**Exercise instructions**
Scan the records below. List lines holding "union".

**Material provided**
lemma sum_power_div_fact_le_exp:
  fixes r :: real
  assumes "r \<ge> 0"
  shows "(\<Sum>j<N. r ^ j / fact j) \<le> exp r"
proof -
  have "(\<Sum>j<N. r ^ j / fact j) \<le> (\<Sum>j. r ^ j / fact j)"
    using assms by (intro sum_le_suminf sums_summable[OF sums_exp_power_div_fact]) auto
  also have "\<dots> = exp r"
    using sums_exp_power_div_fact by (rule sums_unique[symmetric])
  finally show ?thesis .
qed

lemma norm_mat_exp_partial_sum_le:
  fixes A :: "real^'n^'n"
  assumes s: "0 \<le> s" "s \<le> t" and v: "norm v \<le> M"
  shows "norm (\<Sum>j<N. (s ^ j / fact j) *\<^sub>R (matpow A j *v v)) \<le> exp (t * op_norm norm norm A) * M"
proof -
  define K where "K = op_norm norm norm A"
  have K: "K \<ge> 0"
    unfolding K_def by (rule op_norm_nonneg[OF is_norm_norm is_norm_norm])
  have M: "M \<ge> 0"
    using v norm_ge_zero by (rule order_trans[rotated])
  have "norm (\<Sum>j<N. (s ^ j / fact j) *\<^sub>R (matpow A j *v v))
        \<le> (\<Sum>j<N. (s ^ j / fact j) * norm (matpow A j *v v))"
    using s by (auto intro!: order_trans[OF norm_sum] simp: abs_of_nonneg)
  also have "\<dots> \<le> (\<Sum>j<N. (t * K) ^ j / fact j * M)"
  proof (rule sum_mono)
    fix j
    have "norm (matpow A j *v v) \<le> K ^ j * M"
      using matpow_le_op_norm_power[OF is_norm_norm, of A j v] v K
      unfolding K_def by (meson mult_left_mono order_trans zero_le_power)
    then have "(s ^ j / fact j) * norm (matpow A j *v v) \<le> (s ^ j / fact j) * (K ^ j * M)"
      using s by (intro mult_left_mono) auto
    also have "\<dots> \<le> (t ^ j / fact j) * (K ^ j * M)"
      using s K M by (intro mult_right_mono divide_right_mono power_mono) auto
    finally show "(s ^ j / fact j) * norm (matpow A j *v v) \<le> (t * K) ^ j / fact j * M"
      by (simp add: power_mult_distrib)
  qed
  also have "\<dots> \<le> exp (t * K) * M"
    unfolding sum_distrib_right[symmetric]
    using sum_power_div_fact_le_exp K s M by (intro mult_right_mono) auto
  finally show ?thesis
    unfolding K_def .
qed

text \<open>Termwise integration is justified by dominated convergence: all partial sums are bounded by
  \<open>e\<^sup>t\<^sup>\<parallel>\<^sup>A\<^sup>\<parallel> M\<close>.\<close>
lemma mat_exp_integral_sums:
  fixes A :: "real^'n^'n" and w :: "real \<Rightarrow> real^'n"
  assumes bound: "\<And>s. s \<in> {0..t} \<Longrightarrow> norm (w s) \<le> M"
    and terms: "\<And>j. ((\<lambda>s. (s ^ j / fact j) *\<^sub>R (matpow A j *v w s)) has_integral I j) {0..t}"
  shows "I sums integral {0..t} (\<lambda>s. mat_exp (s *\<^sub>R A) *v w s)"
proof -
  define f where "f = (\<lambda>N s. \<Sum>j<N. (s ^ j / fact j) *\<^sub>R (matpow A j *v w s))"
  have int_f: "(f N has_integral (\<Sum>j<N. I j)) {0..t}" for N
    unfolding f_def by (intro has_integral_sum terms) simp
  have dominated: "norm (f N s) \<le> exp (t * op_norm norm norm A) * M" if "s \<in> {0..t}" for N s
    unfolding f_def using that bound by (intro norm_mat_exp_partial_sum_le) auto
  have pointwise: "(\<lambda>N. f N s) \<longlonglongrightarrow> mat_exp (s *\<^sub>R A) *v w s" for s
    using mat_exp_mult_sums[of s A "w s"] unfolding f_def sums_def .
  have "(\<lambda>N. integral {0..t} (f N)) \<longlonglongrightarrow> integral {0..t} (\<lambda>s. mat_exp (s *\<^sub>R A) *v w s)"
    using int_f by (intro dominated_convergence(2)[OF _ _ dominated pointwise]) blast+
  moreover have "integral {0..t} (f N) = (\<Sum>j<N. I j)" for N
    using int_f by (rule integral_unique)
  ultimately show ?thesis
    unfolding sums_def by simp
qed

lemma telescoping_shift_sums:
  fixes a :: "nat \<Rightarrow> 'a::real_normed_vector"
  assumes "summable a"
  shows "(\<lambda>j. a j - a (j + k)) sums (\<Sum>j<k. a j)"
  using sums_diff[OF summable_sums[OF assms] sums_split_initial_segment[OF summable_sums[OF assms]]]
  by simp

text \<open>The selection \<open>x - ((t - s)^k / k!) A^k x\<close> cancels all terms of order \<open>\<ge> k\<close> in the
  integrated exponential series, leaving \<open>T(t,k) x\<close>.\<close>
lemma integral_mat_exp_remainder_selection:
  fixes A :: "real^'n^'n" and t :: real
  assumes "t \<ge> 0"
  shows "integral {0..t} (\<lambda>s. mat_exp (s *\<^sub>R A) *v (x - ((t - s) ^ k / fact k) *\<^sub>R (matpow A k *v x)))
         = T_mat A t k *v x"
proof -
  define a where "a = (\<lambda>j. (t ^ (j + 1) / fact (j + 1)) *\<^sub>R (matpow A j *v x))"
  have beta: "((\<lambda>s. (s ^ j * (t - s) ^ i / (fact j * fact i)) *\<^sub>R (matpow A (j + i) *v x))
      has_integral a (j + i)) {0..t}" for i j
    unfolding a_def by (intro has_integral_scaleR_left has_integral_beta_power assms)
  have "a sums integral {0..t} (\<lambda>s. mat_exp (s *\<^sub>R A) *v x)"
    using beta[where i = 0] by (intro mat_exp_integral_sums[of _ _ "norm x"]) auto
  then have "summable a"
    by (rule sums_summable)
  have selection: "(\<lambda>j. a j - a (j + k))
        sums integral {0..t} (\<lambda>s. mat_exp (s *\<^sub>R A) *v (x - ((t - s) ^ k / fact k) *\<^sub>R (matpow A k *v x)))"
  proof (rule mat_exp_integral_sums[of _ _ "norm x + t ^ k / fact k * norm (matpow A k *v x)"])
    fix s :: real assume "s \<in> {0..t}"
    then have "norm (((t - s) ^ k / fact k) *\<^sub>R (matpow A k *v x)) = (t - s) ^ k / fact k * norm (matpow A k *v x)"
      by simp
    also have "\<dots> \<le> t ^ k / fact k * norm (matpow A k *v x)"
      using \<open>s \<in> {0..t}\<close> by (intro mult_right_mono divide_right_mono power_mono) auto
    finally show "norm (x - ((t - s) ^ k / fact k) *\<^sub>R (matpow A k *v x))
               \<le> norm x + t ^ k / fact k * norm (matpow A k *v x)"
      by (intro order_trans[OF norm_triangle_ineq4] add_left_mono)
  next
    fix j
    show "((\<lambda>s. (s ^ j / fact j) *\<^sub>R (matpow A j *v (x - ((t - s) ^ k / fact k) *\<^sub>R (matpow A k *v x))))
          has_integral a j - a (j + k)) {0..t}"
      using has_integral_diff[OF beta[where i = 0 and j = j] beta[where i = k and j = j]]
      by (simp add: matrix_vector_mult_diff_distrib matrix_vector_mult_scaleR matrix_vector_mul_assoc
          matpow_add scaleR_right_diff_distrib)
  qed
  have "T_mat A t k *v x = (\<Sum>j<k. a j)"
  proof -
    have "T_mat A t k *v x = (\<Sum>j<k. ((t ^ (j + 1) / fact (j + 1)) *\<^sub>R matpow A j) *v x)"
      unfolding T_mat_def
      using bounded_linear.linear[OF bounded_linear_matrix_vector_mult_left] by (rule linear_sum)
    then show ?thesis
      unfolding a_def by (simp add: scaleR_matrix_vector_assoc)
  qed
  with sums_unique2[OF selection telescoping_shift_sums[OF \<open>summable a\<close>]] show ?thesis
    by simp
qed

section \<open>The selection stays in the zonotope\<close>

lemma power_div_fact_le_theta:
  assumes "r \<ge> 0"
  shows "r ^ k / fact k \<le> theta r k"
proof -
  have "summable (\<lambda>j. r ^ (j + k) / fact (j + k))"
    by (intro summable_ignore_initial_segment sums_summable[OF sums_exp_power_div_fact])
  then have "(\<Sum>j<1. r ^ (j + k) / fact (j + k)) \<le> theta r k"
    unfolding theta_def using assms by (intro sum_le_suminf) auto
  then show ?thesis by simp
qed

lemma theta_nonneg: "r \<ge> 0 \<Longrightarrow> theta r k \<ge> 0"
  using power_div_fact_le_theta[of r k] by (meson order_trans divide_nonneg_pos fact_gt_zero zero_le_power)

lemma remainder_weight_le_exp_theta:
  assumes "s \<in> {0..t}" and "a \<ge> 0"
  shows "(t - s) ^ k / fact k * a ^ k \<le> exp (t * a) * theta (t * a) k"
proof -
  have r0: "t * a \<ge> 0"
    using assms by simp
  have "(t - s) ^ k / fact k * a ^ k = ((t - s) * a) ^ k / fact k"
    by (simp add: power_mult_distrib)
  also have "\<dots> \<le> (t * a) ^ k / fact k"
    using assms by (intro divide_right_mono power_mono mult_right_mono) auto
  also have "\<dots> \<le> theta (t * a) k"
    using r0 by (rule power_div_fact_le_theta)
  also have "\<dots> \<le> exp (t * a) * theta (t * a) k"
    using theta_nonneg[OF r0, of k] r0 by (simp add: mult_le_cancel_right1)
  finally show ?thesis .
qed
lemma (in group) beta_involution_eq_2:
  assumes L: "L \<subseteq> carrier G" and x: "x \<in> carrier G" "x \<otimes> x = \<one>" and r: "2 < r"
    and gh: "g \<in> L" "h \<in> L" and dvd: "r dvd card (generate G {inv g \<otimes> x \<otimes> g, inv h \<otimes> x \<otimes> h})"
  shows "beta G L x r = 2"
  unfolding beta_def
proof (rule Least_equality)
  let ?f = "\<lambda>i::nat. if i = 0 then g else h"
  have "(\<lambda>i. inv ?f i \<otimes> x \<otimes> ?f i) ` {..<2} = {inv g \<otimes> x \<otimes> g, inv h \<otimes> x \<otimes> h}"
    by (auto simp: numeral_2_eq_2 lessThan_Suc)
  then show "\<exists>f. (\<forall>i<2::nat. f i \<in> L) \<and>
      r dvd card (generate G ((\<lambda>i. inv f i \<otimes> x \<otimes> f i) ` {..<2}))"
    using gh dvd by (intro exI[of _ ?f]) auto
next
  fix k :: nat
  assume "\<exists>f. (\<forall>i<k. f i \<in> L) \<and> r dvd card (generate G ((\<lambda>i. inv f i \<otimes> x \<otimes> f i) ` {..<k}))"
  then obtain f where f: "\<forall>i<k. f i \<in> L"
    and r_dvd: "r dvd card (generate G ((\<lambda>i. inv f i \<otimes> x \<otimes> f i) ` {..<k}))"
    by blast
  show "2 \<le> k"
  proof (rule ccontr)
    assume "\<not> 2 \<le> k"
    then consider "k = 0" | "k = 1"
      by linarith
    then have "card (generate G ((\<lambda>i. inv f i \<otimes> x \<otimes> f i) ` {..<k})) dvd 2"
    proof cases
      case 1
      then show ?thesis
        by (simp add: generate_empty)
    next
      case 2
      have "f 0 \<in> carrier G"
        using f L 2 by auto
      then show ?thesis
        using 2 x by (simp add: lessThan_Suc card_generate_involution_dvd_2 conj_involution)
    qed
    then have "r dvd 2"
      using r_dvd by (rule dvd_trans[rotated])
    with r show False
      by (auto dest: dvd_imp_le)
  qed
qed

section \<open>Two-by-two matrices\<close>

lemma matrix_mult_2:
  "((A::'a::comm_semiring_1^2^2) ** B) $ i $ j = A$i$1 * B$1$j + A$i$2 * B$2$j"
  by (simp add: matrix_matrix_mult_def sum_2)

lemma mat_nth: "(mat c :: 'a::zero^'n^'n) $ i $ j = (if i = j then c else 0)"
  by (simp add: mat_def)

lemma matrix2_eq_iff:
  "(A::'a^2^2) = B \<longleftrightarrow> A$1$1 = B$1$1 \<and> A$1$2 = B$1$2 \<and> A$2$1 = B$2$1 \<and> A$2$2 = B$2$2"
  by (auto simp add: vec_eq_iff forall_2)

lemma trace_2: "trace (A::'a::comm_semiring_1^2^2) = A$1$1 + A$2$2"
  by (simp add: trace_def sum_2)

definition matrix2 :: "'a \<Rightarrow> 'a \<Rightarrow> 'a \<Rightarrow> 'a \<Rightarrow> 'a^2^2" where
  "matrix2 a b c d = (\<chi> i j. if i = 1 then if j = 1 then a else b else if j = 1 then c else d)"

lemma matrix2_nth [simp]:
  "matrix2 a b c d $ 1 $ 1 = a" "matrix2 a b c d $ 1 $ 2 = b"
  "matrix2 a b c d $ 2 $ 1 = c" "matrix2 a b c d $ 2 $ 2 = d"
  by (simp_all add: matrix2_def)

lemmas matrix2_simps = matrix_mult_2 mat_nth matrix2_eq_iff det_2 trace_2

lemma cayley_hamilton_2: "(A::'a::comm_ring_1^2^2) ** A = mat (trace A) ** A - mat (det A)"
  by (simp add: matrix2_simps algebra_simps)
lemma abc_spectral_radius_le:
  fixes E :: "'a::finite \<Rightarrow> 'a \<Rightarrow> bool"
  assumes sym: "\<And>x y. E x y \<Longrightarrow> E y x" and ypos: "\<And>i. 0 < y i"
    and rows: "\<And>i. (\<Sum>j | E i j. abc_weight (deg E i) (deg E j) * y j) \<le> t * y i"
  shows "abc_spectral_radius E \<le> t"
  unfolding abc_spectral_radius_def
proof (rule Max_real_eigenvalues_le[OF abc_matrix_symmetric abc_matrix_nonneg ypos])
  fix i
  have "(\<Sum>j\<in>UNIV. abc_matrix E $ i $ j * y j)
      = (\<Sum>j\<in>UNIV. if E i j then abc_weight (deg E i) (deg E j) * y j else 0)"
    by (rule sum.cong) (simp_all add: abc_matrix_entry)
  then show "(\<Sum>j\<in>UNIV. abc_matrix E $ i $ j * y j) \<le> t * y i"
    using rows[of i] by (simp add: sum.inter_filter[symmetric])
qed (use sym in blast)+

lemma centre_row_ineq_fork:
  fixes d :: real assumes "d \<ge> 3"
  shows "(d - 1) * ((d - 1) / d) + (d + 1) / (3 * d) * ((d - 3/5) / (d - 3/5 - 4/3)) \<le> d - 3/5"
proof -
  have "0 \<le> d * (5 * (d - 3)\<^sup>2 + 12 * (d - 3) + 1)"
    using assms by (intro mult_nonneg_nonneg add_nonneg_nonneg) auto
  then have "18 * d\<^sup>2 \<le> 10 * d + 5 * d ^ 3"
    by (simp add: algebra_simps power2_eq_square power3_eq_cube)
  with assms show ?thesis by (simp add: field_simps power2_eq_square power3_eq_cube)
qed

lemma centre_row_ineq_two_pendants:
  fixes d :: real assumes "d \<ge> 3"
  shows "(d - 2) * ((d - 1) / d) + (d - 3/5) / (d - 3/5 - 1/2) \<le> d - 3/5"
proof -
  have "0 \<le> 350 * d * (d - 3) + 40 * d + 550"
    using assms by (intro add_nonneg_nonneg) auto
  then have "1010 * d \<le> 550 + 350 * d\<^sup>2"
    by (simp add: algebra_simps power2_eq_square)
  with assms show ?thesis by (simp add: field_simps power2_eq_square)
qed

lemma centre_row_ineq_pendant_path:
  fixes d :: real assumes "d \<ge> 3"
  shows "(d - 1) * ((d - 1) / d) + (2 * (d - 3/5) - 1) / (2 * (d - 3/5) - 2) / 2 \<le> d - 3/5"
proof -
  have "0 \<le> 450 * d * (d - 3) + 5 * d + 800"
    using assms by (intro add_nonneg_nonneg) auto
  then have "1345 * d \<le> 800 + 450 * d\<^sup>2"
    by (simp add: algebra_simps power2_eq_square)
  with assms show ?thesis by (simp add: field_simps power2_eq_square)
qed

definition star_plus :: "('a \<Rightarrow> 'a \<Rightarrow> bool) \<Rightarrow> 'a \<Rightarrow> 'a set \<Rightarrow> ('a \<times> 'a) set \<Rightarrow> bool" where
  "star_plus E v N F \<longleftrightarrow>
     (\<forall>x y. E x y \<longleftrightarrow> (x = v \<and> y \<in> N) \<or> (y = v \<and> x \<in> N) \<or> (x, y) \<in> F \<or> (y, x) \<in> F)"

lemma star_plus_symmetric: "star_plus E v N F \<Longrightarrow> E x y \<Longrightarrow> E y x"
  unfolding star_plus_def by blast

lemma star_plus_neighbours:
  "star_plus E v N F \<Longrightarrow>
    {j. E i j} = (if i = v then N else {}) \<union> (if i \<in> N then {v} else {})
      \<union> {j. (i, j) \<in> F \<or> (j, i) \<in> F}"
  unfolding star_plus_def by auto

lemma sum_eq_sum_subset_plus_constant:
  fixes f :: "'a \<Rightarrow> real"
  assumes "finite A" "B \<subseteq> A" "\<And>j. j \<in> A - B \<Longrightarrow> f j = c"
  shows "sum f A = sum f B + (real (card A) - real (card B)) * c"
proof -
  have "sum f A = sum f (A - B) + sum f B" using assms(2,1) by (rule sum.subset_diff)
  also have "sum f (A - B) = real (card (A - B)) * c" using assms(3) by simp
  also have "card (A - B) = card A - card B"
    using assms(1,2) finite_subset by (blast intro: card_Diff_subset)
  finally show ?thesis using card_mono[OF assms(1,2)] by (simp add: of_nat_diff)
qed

**Response to this task**
    {j. E i j} = (if i = v then N else {}) \<union> (if i \<in> N then {v} else {})
      \<union> {j. (i, j) \<in> F \<or> (j, i) \<in> F}"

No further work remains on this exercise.